Let ${\mathcal M}=\{1,2,\dots,M\}$ be the set of messages (already compressed by Huffman ot some other compression method, e.g., block source codes).

The channel $W:{\mathcal X}\to{\mathcal Y}$ is a stochastic map from the set ${\mathcal X}=\{0,1,\dots,q-1\}$ to the set ${\mathcal Y}=\{0,1,\dots,|{\mathcal Y}|-1\}.$ It is often expressed as a stochastic matrix $(W(y|x))_{x\in{\mathcal X}}^{y\in{\mathcal Y}}$ or a graph.
Example: $$\begin{array}{c@{\quad}cccc} &&&{\mathcal Y}\\&&0&1&2\\{\mathcal X} &0&0.4&0.1&0.5\\
&1&0.8&0.05&0.15\end{array}$$ The corresponding graph is bipartite with one part formed of the elements of ${\mathcal X}$ and the other of the elements of ${\mathcal Y}.$ Vertices in ${\mathcal X}$ are connected by arrows to the vertices in ${\mathcal Y}.$ The arrow from $x\in {\mathcal X}$ to $y\in{\mathcal Y}$ is usually labelled by the probability $W(y|x).$ If $W(y|x)=0,$ the arrow is not drawn.

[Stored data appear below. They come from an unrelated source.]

lemma neg_mult_exp_sq_le:
  fixes b x :: real
  assumes "0 \<le> b"
  shows "- x * exp (- 3 * (x + b)\<^sup>2 / 8) \<le> b + 1"
proof -
  define u where "u = x + b"
  have "- x * exp (- 3 * u\<^sup>2 / 8) \<le> (b + \<bar>u\<bar>) * exp (- 3 * u\<^sup>2 / 8)"
    unfolding u_def by (intro mult_right_mono) auto
  also have "\<dots> = b * exp (- 3 * u\<^sup>2 / 8) + \<bar>u\<bar> * exp (- 3 * u\<^sup>2 / 8)"
    by (simp add: algebra_simps)
  also have "\<dots> \<le> b * 1 + exp (3 * u\<^sup>2 / 8) * exp (- 3 * u\<^sup>2 / 8)"
    using assms abs_le_exp_three_eighths_sq[of u] by (intro add_mono mult_mono) auto
  also have "\<dots> = b + 1"
    by (simp add: exp_add[symmetric])
  finally show ?thesis
    unfolding u_def .
qed

lemma neg_weight_moment_le:
  assumes "i < M" "j < M" "0 \<le> mu i" "0 < b" "\<bar>mu j + b\<bar> \<le> b / 6" "x < 0"
  shows "- x * weight M mu i x * exp (- 3 * (x + b)\<^sup>2 / 8) \<le> (b + 1) * exp (-(b\<^sup>2) / 24)"
proof (cases "x < -2 * b / 3")
  case True
  have "weight M mu i x * (- x * exp (- 3 * (x + b)\<^sup>2 / 8)) \<le> exp (-(b\<^sup>2) / 24) * (b + 1)"
    using assms True weight_nonneg[of M mu i x]
    by (intro mult_mono weight_le_exp_of_near_center neg_mult_exp_sq_le)
      (auto simp: mult_nonpos_nonneg)
  then show ?thesis
    by (simp add: mult_ac)
next
  case False
  then have "(b / 3)\<^sup>2 \<le> (x + b)\<^sup>2"
    using assms(4) by (intro power_mono) auto
  then have "exp (- 3 * (x + b)\<^sup>2 / 8) \<le> exp (-(b\<^sup>2) / 24)"
    by (simp add: power_divide)
  moreover have "- x * weight M mu i x \<le> b + 1"
    using False assms(6) weight_le_1[OF assms(1), of mu x] weight_nonneg[of M mu i x]
      mult_mono[of "- x" "b + 1" "weight M mu i x" 1]
    by auto
  ultimately show ?thesis
    using assms(4,6) weight_nonneg[of M mu i x] by (intro mult_mono) auto
qed

text \<open>Splitting \<open>exp (-u\<^sup>2/2) = exp (-3u\<^sup>2/8) * exp (-u\<^sup>2/8)\<close> with \<open>u = x + b\<close> leaves the density
  of a normal law with standard deviation 2 to be integrated.\<close>
lemma component_moment_neg_ge:
  assumes "i < M" "j < M" "0 \<le> mu i" "0 < b" "\<bar>mu j + b\<bar> \<le> b / 6"
  shows "-(2 * (b + 1) * exp (-(b\<^sup>2) / 24)) \<le> component_moment M mu i (-b)"
proof -
  define K where "K = 2 * (b + 1) * exp (-(b\<^sup>2) / 24)"
  have "sqrt (2 * pi * 2\<^sup>2) = 2 * sqrt (2 * pi)"
    using real_sqrt_mult[of "2\<^sup>2" "2 * pi"] by (simp add: mult.commute)
  then have normal_density_2: "normal_density (-b) 2 x = exp (-(x + b)\<^sup>2 / 8) / (2 * sqrt (2 * pi))" for x
    unfolding normal_density_def by simp
  have "-K * normal_density (-b) 2 x \<le> weight M mu i x * x * normal_density (-b) 1 x" for x
  proof (cases "x < 0")
    case True
    have "exp (-(x + b)\<^sup>2 / 2) = exp (- 3 * (x + b)\<^sup>2 / 8) * exp (-(x + b)\<^sup>2 / 8)"
      by (simp add: exp_add[symmetric])
    then have "- x * weight M mu i x * exp (-(x + b)\<^sup>2 / 2)
        = (- x * weight M mu i x * exp (- 3 * (x + b)\<^sup>2 / 8)) * exp (-(x + b)\<^sup>2 / 8)"
      by (simp add: mult_ac)
    also have "\<dots> \<le> ((b + 1) * exp (-(b\<^sup>2) / 24)) * exp (-(x + b)\<^sup>2 / 8)"
      using assms True by (intro mult_right_mono neg_weight_moment_le) auto
    finally have "- x * weight M mu i x * exp (-(x + b)\<^sup>2 / 2) / sqrt (2 * pi)
        \<le> (b + 1) * exp (-(b\<^sup>2) / 24) * exp (-(x + b)\<^sup>2 / 8) / sqrt (2 * pi)"
      by (intro divide_right_mono) auto
    moreover have "K * normal_density (-b) 2 x
        = (b + 1) * exp (-(b\<^sup>2) / 24) * exp (-(x + b)\<^sup>2 / 8) / sqrt (2 * pi)"
      unfolding normal_density_2 K_def by (simp add: field_simps)
    moreover have "weight M mu i x * x * normal_density (-b) 1 x
        = -(- x * weight M mu i x * exp (-(x + b)\<^sup>2 / 2) / sqrt (2 * pi))"
      unfolding normal_density_def by simp
    ultimately show ?thesis
      by linarith
  next
    case False
    have "-K * normal_density (-b) 2 x \<le> 0"
      using assms(4) by (simp add: K_def mult_nonpos_nonneg)
    also have "0 \<le> weight M mu i x * x * normal_density (-b) 1 x"
      using False weight_nonneg[of M mu i x] by simp
    finally show ?thesis .
  qed
  then have "(\<integral>x. -K * normal_density (-b) 2 x \<partial>lborel) \<le> component_moment M mu i (-b)"
    unfolding component_moment_def using assms(1)
    by (intro integral_mono integrable_weight_moment_normal integrable_mult_right) auto
  then show ?thesis
    by (simp add: K_def)
qed
theorem mainTheorem7:
  fixes q n :: nat and s :: "nat \<Rightarrow> nat"
  assumes "odd q" and "n \<ge> 2" and "\<And>k. k < n \<Longrightarrow> s k > 0"
  defines "X \<equiv> (\<lambda>\<xi>::nat \<Rightarrow> real. \<Sum>k<n. real (s k) * \<xi> k)"
  shows "\<bar>measure_pmf.expectation (iid_grid q n) (\<lambda>\<xi>. (real_of_int (nint (X \<xi>)))\<^sup>2)
            - (measure_pmf.expectation (iid_grid q n) (\<lambda>\<xi>. (X \<xi>)\<^sup>2) + 1/12)\<bar>
          \<le> (1 + (\<Sum>k<n. real (s k) ^ 3) + real (Min (s ` {..<n})) ^ 2) / (6 * real q ^ 2)
       \<and> (1 + (\<Sum>k<n. real (s k) ^ 3) + real (Min (s ` {..<n})) ^ 2) / (6 * real q ^ 2)
          \<le> (\<Sum>k<n. real (s k) ^ 3) / (3 * real q ^ 2)"
proof -
  define S where "S = (\<Sum>k<n. real (s k) ^ 3)"
  define m where "m = Min (s ` {..<n})"
  define d where "d = gcd (Gcd (s ` {..<n})) q"
  define A where "A = (\<Sum>k<n. real (s k) * measure_pmf.expectation (int_grid q {..<n})
    (\<lambda>f. real_of_int (f k) * real_of_int (centered_mod q (\<Sum>l<n. int (s l) * f l))))"
  have gap: "measure_pmf.expectation (iid_grid q n) (\<lambda>\<xi>. (real_of_int (nint (X \<xi>)))\<^sup>2)
      - (measure_pmf.expectation (iid_grid q n) (\<lambda>\<xi>. (X \<xi>)\<^sup>2) + 1/12)
      = - (real d ^ 2 / 12 + 2 * A) / real q ^ 2"
    unfolding X_def d_def A_def by (rule expectation_nint_sq_gap[OF assms(1)])
  have "\<bar>A\<bar> \<le> S / 12"
    unfolding A_def S_def by (rule abs_sum_cross_moments_le[OF assms(1-3)])
  moreover have "real d ^ 2 \<le> real m ^ 2"
    unfolding d_def m_def of_nat_power[symmetric] of_nat_le_iff
    by (intro power_mono gcd_Gcd_le_Min) (use assms(2,3) in \<open>auto simp: lessThan_empty_iff\<close>)
  ultimately have "\<bar>real d ^ 2 / 12 + 2 * A\<bar> \<le> (1 + S + real m ^ 2) / 6"
    using zero_le_power2[of "real d"] zero_le_power2[of "real m"] by argo
  moreover have "1 + real m ^ 2 \<le> S"
    using of_nat_mono[OF one_plus_Min_sq_le_sum_cubes[of n s, OF assms(2,3)], where 'a = real]
    unfolding S_def m_def by simp
  ultimately show ?thesis
    unfolding gap S_def[symmetric] m_def[symmetric] using assms(1)
    by (auto simp: abs_divide divide_simps odd_pos)
qed

end
section \<open>Permutations from equipollent fibres\<close>

lemma bij_of_eqpoll_fibres:
  fixes F G :: "'a \<Rightarrow> 'b"
  assumes "\<And>S. {n. F n = S} \<approx> {n. G n = S}"
  shows "\<exists>p. bij p \<and> (\<forall>n. F n = G (p n))"
proof -
  have "\<forall>S. \<exists>f. bij_betw f {n. F n = S} {n. G n = S}"
    using assms unfolding eqpoll_def by blast
  then obtain q where q: "\<And>S. bij_betw (q S) {n. F n = S} {n. G n = S}"
    by metis
  define p where "p n = q (F n) n" for n
  have "bij_betw p {n. F n = S} {n. G n = S}" for S
    using q[of S] by (rule bij_betw_cong[THEN iffD1, rotated]) (simp add: p_def)
  then have "bij_betw p (\<Union>S. {n. F n = S}) (\<Union>S. {n. G n = S})"
    by (intro bij_betw_UNION_disjoint) (auto simp: disjoint_family_on_def)
  moreover have "(\<Union>S. {n. F n = S}) = UNIV" and "(\<Union>S. {n. G n = S}) = UNIV"
    by auto
  ultimately have "bij p" by simp
  moreover have "G (p n) = F n" for n
    using bij_betwE[OF q[of "F n"]] by (simp add: p_def)
  ultimately show ?thesis by auto
qed

lemma eqpoll_infinite_nat:
  fixes A B :: "nat set"
  assumes "infinite A" and "infinite B"
  shows "A \<approx> B"
proof -
  have lepoll: "C \<lesssim> D" if "infinite D" for C D :: "nat set"
    using subset_imp_lepoll[of C UNIV] infinite_le_lepoll[of D] that by (blast intro: lepoll_trans)
  show ?thesis
    using lepoll[OF assms(2)] lepoll[OF assms(1)] by (rule lepoll_antisym)
qed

The set ${\mathcal X}$ is called the input alphabet of the channel $W$ and the set ${\mathcal Y}$ is called the output alphabet. Elements of ${\mathcal X}$ and ${\mathcal Y}$ are sometimes called letters.
A code $C$ of length $n$ is a pair of mappings $(f,g),$ where $f:{\mathcal M}\to {\mathcal X}^n$ and $g: {\mathcal Y}^n\to {\mathcal M}$. Here $f$ is called the encoding map (the encoder) and $g$ is called the decoding map (the decoder).
The number $R(C){\stackrel{\triangle}{=}}\frac {1}{n}\log M$ is called the rate of the code.
The code $C$ assigns codewords of length $n$ over ${\mathcal X}$ to the messages. Thus we have the set of codewords  $x_1, x_2,\dots, x_{M}$ where $x_i=(x_{i,1},x_{i,2},\dots, x_{i,n})$ is the value of $f(i),$ i.e., the codeword for the message $i\in {\mathcal M}.$ If $f$ is understood, then the set $C=\{x_1, x_2,\dots, x_M\}$ itself is called a code. The same encoding map $f$ can be coupled with different decoding maps $g$ to form a pair $(f,g)$ (trade-off between performance and complexity).
Definition: A code is $C=(f,g)$ of length $n$ is said to attain capacity ${\mathcal C}(W)$ of the channel $W$ if $R={\mathcal C}(W)$ and $\Pr\{g(f(i))\ne i\}=0$ for all $i\in{\mathcal M}.$
Note: An individual code that attains capacity must have error probability equal to zero (as opposed to arbitrarily small). Zero error probability is possible only if there are input letters that do not mix, i.e., $\exists x_1,x_2\in {\mathcal X}$ such that $W(y|x_1)W(y|x_2)=0$ for all $y\in {\mathcal Y}.$ By itself this condition does not guarantee that the code achieves capacity.

Let $(f,g)$ be fixed, then the error probability $$P_e(C){\stackrel{\triangle}{=}}\max_{1\le i\le M} \Pr\{g(f(i))\ne i\}.$$
Definition. A sequence of codes $C_i=(f_i,g_i)_{i\ge 1}$ of length $n_i, i=1,2,\dots$ is said to achieve capacity ${\mathcal C}(W)$ if
$\forall\delta>0, \epsilon>0$ there is a sufficiently large $i_0=i_0(\epsilon,\delta)$ such that.  for all $i\ge i_0$ both $R(C_i)> {\mathcal C}(W)-\delta$ and $P_e(C_i)\le \epsilon.$

A binary code $C$ is called linear if the encoding map $f$ is linear. Equivalently, $C$ is linear if the set of codewords $\{x_i\}$ is closed under addition modulo 2 (i.e., any 2 codevectors add to a codevector).
Polar codes give an example of a sequence of capacity achieving binary linear codes. The length of the polar codes is $N=2^n$ (note that now the length is denoted by $N$ while $n$ denotes the number of iterations). The encoding map $f:{\mathcal M}\to {\mathcal X}^N$ is multiplication by the submatrix $G_n$ formed of the $RN$ rows of $H_2^{\otimes n}$ that corrrespond to the $RN$ smallest values of $Z(W_N^{(i)}).$